To make sure this is what's actually happening, and combining this insight with
the info Paul Emmerich gave about bluestore min alloc size, I've done an
analysis of the number of stripes my objects would take, and how much space
usage that would incur.

So far, I've loaded 92.4 million objects, and I've done the analysis over (a
random sample of) 10 million objects.

Counting the number of 5*64k stripes each object would take, and multiplying
that by 1.4, I get a space usage estimation that's within a percent of the
actual usage, so, yeah, seems that you're both right. Ouch :-)

> > If my understanding is correct, I'll end up adding size tiering on my
> > object
> > storage layer, shuffling objects in two pools with different settings
> > according
> > to their size.

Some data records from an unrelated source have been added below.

theorem theorem5p3:
  fixes M :: "'a measure" and x :: "real \<Rightarrow> 'a \<Rightarrow> real" and Ct :: "real \<Rightarrow> real"
    and N :: "'b measure" and y :: "real \<Rightarrow> 'b \<Rightarrow> real" and \<alpha> :: real
  assumes "in_H M x Ct"
    and "generated_by N y Ct"
    and "0 < \<alpha>" and "\<alpha> \<le> 1"
  shows "(holder_on \<alpha> {0..1} Ct \<longrightarrow>
            holder_on \<alpha> ({0..1} \<times> {0..1}) (\<lambda>(s, t). gen_cov Ct s t))
       \<and> (holder_on \<alpha> ({0..1} \<times> {0..1}) (\<lambda>(s, t). gen_cov Ct s t) \<longrightarrow>
            (\<forall>\<beta>. 0 < \<beta> \<and> \<beta> < \<alpha> / 2 \<longrightarrow>
               (\<exists>y'. modification N y y' \<and> (AE \<omega> in N. holder_on \<beta> {0..1} (\<lambda>t. y' t \<omega>))) \<and>
               (\<exists>x'. modification M x x' \<and> (AE \<omega> in M. holder_on \<beta> {0..1} (\<lambda>t. x' t \<omega>)))))"
proof (intro conjI impI allI)
  show "holder_on \<alpha> ({0..1} \<times> {0..1}) (\<lambda>(s, t). gen_cov Ct s t)" if "holder_on \<alpha> {0..1} Ct"
    using in_H_gen_cov_holder[OF assms(1,3,4) that] .
next
  fix \<beta> :: real
  assume R: "holder_on \<alpha> ({0..1} \<times> {0..1}) (\<lambda>(s, t). gen_cov Ct s t)" and \<beta>: "0 < \<beta> \<and> \<beta> < \<alpha> / 2"
  obtain K where "0 \<le> K" and K: "\<And>s t. s \<in> {0..1} \<Longrightarrow> t \<in> {0..1} \<Longrightarrow>
      gen_cov Ct s s - 2 * gen_cov Ct s t + gen_cov Ct t t \<le> K * \<bar>s - t\<bar> powr \<alpha>"
    using holder_on_diagonal_increment_le[OF R] by metis
  show "\<exists>y'. modification N y y' \<and> (AE \<omega> in N. holder_on \<beta> {0..1} (\<lambda>t. y' t \<omega>))"
    using assms(2) K \<beta> unfolding generated_by_def
    by (intro zero_mean_gaussian_process_holder_modification[OF _ \<open>0 \<le> K\<close>]) auto
  obtain K' where "0 \<le> K'" and "\<And>s t. s \<in> {0..1} \<Longrightarrow> t \<in> {0..1} \<Longrightarrow>
      cov_fun M x s s - 2 * cov_fun M x s t + cov_fun M x t t \<le> K' * \<bar>s - t\<bar> powr \<alpha>"
    using in_H_increment_variance_le[OF assms(1,3,4) R] by metis
  then show "\<exists>x'. modification M x x' \<and> (AE \<omega> in M. holder_on \<beta> {0..1} (\<lambda>t. x' t \<omega>))"
    using assms(1) \<beta> unfolding in_H_def
    by (intro zero_mean_gaussian_process_holder_modification[OF _ \<open>0 \<le> K'\<close>]) auto
qed
(* Let $X$ be a compact topological space, $B\subseteq\mathbb{R}^X$ an $\mathbb{R}$-subalgebra consisting of continuous functions on $X$, and $Q\subseteq B$ a quadratic module with $K_{Q,X}=X$ and $\overline{m(X)}=K_{Q,Y_B}$. Let $q\in B$ satisfy $\{x\in X\mid q(x)=0\}\subseteq\overline{\{x\in X\mid q(x)<0\}}$ (closure in $X$). Let $f=\chi_{\{q\ge0\}}$, $A=B[f]\subseteq\mathbb{R}^X$, and let $Q'$ be the quadratic module of $A$ generated by $Q$ and $qf$, $q(f-1)$. Then $K_{Q',X}=X$ and $\overline{m(X)}=K_{Q',Y_A}$.
   Context: A quadratic module of a commutative unital $\mathbb{R}$-algebra $C$ is a subset $Q\subseteq C$ with $Q+Q\subseteq Q$, $c^2Q\subseteq Q$ for all $c\in C$, and $1\in Q$. For an $\mathbb{R}$-subalgebra $C\subseteq\mathbb{R}^X$ and a quadratic module $Q$ of $C$: $K_{Q,X}:=\{x\in X\mid g(x)\ge0\ \forall g\in Q\}$; $Y_C$ is the set of unital $\mathbb{R}$-algebra homomorphisms $C\to\mathbb{R}$, with the weakest topology making all maps $y\mapsto y(c)$ continuous; $K_{Q,Y_C}:=\{y\in Y_C\mid y(g)\ge0\ \forall g\in Q\}$; $m\colon X\to Y_C$, $m(x)(c)=c(x)$; $\overline{m(X)}$ is the closure in $Y_C$. $\chi_S$ is the characteristic function of $S$, and $\{q\ge0\}=\{x\in X\mid q(x)\ge0\}$. *)

theory Defs
  imports "HOL-Analysis.Analysis"
begin

definition subalgebra :: "('a \<Rightarrow> real) set \<Rightarrow> bool" where
  "subalgebra C \<longleftrightarrow> (\<forall>r::real. (\<lambda>_. r) \<in> C) \<and>
     (\<forall>a\<in>C. \<forall>b\<in>C. (\<lambda>x. a x + b x) \<in> C \<and> (\<lambda>x. a x * b x) \<in> C) \<and>
     (\<forall>r::real. \<forall>a\<in>C. (\<lambda>x. r * a x) \<in> C)"

text \<open>The R-subalgebra generated by a set S of functions (e.g. B[f] = generated by insert f B).\<close>
definition alg_generated :: "('a \<Rightarrow> real) set \<Rightarrow> ('a \<Rightarrow> real) set" where
  "alg_generated S = \<Inter>{C. subalgebra C \<and> S \<subseteq> C}"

That's not too bad, but I'd like to make sure I'm not
> > completely
> > misunderstanding something.
> >
> 
> That’s probably a reasonable response, especially if you are already
> maintaining an index for other purposes!

I guess that's back to the drawing board for us, because the 64k minimal
allocation will also happen on basic replicated pools, and we can store a _lot_
of objects in a 64k block ;)

Thanks for your insights,
-- 
Nicolas Dandrimont

BOFH excuse #259:
Someone's tie is caught in the printer, and if anything else gets printed, he'll be in it too.